* Instructions for the task
Lines with the word "assumes" in them are the ones to copy from the records.

* Information supplied
lemma weighted_distance_max_before_exit:
  fixes f :: "real \<Rightarrow> 'b::topological_space \<Rightarrow> 'a::euclidean_space"
  assumes M: "compact M"
    and cont: "continuous_on ({0..T} \<times> M) (\<lambda>(t, x). f t x)"
    and W: "closed W" "W \<noteq> {}"
    and init: "\<And>x. x \<in> M \<Longrightarrow> f 0 x \<in> W"
    and leaves: "\<exists>t\<in>{0<..T}. \<exists>x\<in>M. f t x \<notin> W"
  obtains \<tau> x0 where "\<tau> \<in> {0<..<T}" "x0 \<in> M" "max_distance_pair W M T f \<tau> x0"
    and "\<And>x. x \<in> M \<Longrightarrow> infdist (f \<tau> x) W \<le> infdist (f \<tau> x0) W"
    and "\<And>s. s \<in> {0..\<tau>} \<Longrightarrow> exp (- K * s) * infdist (f s x0) W \<le> exp (- K * \<tau>) * infdist (f \<tau> x0) W"
proof -
  obtain t1 x1 where t1: "t1 \<in> {0<..<T}" and x1: "x1 \<in> M" "f t1 x1 \<notin> W"
  proof -
    obtain t x where t: "t \<in> {0<..T}" and x: "x \<in> M" "f t x \<notin> W"
      using leaves by blast
    from x(1) have "continuous_on {0..T} (\<lambda>s. f s x)"
      by (intro continuous_on_compose2[OF cont, of _ "\<lambda>s. (s, x)", simplified])
        (auto intro!: continuous_on_Pair continuous_on_id continuous_on_const)
    then obtain s where "s \<in> {0<..<T}" "f s x \<notin> W"
      using exists_not_in_closed_before_endpoint[of 0 T "\<lambda>s. f s x", OF _ W(1) t x(2)] by blast
    then show ?thesis
      using that x(1) by blast
  qed
  define F where "F z = exp (- K * fst z) * infdist (f (fst z) (snd z)) W" for z
  have "{0..t1} \<times> M \<subseteq> {0..T} \<times> M"
    using t1 by auto
  then have "continuous_on ({0..t1} \<times> M) (\<lambda>z. f (fst z) (snd z))"
    using continuous_on_subset[OF cont] by (simp add: case_prod_unfold)
  then have "continuous_on ({0..t1} \<times> M) F"
    unfolding F_def by (intro continuous_intros)
  moreover have "(t1, x1) \<in> {0..t1} \<times> M"
    using t1 x1 by simp
  ultimately obtain z where "z \<in> {0..t1} \<times> M" and max_z: "\<forall>y\<in>{0..t1} \<times> M. F y \<le> F z"
    using continuous_attains_sup[of "{0..t1} \<times> M" F] M compact_Times[of "{0..t1}" M]
    by (metis compact_Icc empty_iff)
  then obtain \<tau> x0 where z: "\<tau> \<in> {0..t1}" "x0 \<in> M"
    and max: "\<And>y. y \<in> {0..t1} \<times> M \<Longrightarrow> F y \<le> F (\<tau>, x0)"
    by (cases z) auto
  have "0 < F (t1, x1)"
    using infdist_pos_not_in_closed[OF W x1(2)] by (simp add: F_def)
  also have "\<dots> \<le> F (\<tau>, x0)"
    using max t1 x1 by simp
  finally have pos: "infdist (f \<tau> x0) W > 0"
    by (simp add: F_def zero_less_mult_iff)
  then have "\<tau> \<noteq> 0"
    using init[OF z(2)] by auto
  then have \<tau>: "\<tau> \<in> {0<..<T}"
    using z t1 by auto
  have space_max: "infdist (f \<tau> x) W \<le> infdist (f \<tau> x0) W" if "x \<in> M" for x
    using max[of "(\<tau>, x)"] z that by (simp add: F_def)
  then have "max_distance_pair W M T f \<tau> x0"
    unfolding max_distance_pair_def using \<tau> z pos by (auto intro!: cSup_eq_maximum[symmetric])
  moreover have "exp (- K * s) * infdist (f s x0) W \<le> exp (- K * \<tau>) * infdist (f \<tau> x0) W"
    if "s \<in> {0..\<tau>}" for s
    using max[of "(s, x0)"] z that by (simp add: F_def)
  ultimately show ?thesis
    using that \<tau> z space_max by blast
qed

text \<open>The function \<open>s \<mapsto> \<langle>l, g s - \<omega>\<rangle>\<close> lies below \<open>|l| dist (g s, W)\<close> and touches it at \<open>\<tau>\<close>,
  so after weighting with \<open>exp (- K s)\<close> it inherits the maximum at \<open>\<tau>\<close> from the left.\<close>
lemma lam_vec_inner_derivative_ge_at_left_max:
  fixes g :: "real \<Rightarrow> 'a::euclidean_space"
  assumes W: "convex W" "closed W" "W \<noteq> {}"
    and deriv: "(g has_vector_derivative g') (at \<tau>)"
    and "\<delta> > 0"
    and max: "\<And>s. \<tau> - \<delta> < s \<Longrightarrow> s < \<tau> \<Longrightarrow>
                exp (- K * s) * infdist (g s) W \<le> exp (- K * \<tau>) * infdist (g \<tau>) W"
  shows "K * (norm (lam_vec W (g \<tau>)))\<^sup>2 \<le> lam_vec W (g \<tau>) \<bullet> g'"
proof (rule ccontr)
  assume small: "\<not> ?thesis"
  define l where "l = lam_vec W (g \<tau>)"
  define \<omega> where "\<omega> = closest_point W (g \<tau>)"
  define b where "b s = exp (- K * s) * (l \<bullet> g s - l \<bullet> \<omega>)" for s
  have l_sq: "l \<bullet> (g \<tau> - \<omega>) = (norm l)\<^sup>2"
    by (simp add: l_def \<omega>_def lam_vec_def power2_norm_eq_inner)
  have "((\<lambda>s. l \<bullet> g s) has_real_derivative l \<bullet> g') (at \<tau>)"
    using deriv unfolding has_vector_derivative_def has_field_derivative_def
    by (auto intro!: derivative_eq_intros simp: fun_eq_iff mult.commute)
  then have "(b has_real_derivative
      exp (- K * \<tau>) * (l \<bullet> g') - K * exp (- K * \<tau>) * (l \<bullet> (g \<tau> - \<omega>))) (at \<tau>)"
    unfolding b_def by (auto intro!: derivative_eq_intros simp: inner_diff_right algebra_simps)
  moreover have "exp (- K * \<tau>) * (l \<bullet> g') - K * exp (- K * \<tau>) * (l \<bullet> (g \<tau> - \<omega>))
      = exp (- K * \<tau>) * (l \<bullet> g' - K * (norm l)\<^sup>2)"
    unfolding l_sq by (simp add: algebra_simps)
  moreover have "exp (- K * \<tau>) * (l \<bullet> g' - K * (norm l)\<^sup>2) < 0"
    using small by (simp add: l_def mult_pos_neg)
  ultimately obtain d where d: "d > 0" "\<And>h. 0 < h \<Longrightarrow> h < d \<Longrightarrow> b \<tau> < b (\<tau> - h)"
    using DERIV_neg_dec_left by (metis (no_types, lifting))
  define s where "s = \<tau> - min d \<delta> / 2"
  have "b \<tau> < b s"
    using d \<open>\<delta> > 0\<close> by (simp add: s_def)
  moreover have "b s \<le> b \<tau>"
  proof -
    have "b s \<le> exp (- K * s) * (norm l * infdist (g s) W)"
      unfolding b_def l_def \<omega>_def using lam_vec_inner_diff_le_infdist[OF W]
      by (simp add: inner_diff_right)
    also have "\<dots> \<le> norm l * (exp (- K * \<tau>) * infdist (g \<tau>) W)"
      using max[of s] d \<open>\<delta> > 0\<close> by (simp add: s_def mult.left_commute mult_left_mono)
    also have "\<dots> = b \<tau>"
      using infdist_eq_norm_lam_vec[OF W(2,3)] l_sq
      by (simp add: b_def l_def power2_eq_square inner_diff_right)
    finally show ?thesis .
  qed
  ultimately show False
    by simp
qed

lemma inner_reaction_diffusion_le:
  fixes l :: "'a::real_inner"
  assumes "\<And>j. l \<bullet> D j = 0" "\<And>j. l \<bullet> D2 j j \<le> 0" "l \<bullet> p \<le> 0" "norm (q - p) \<le> C * norm l"
  shows "l \<bullet> ((\<Sum>j\<in>J. D2 j j) + (\<Sum>j\<in>J. c j *\<^sub>R D j) + q) \<le> C * (norm l)\<^sup>2"
proof -
  have "l \<bullet> q = l \<bullet> p + l \<bullet> (q - p)"
    by (simp add: inner_diff_right)
  also have "\<dots> \<le> 0 + norm l * norm (q - p)"
    using assms(3) norm_cauchy_schwarz[of l "q - p"] by (intro add_mono) auto
  also have "\<dots> \<le> norm l * (C * norm l)"
    using assms(4) by (simp add: mult_left_mono)
  finally have "l \<bullet> q \<le> C * (norm l)\<^sup>2"
    by (simp add: power2_eq_square mult_ac)
  moreover have "l \<bullet> (\<Sum>j\<in>J. D2 j j) \<le> 0"
    using assms(2) by (simp add: inner_sum_right sum_nonpos)
  ultimately show ?thesis
    using assms(1) by (simp add: inner_add_right inner_sum_right)
qed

* Response to the exercise
  assumes M: "compact M"
  assumes W: "convex W" "closed W" "W \<noteq> {}"
  assumes "\<And>j. l \<bullet> D j = 0" "\<And>j. l \<bullet> D2 j j \<le> 0" "l \<bullet> p \<le> 0" "norm (q - p) \<le> C * norm l"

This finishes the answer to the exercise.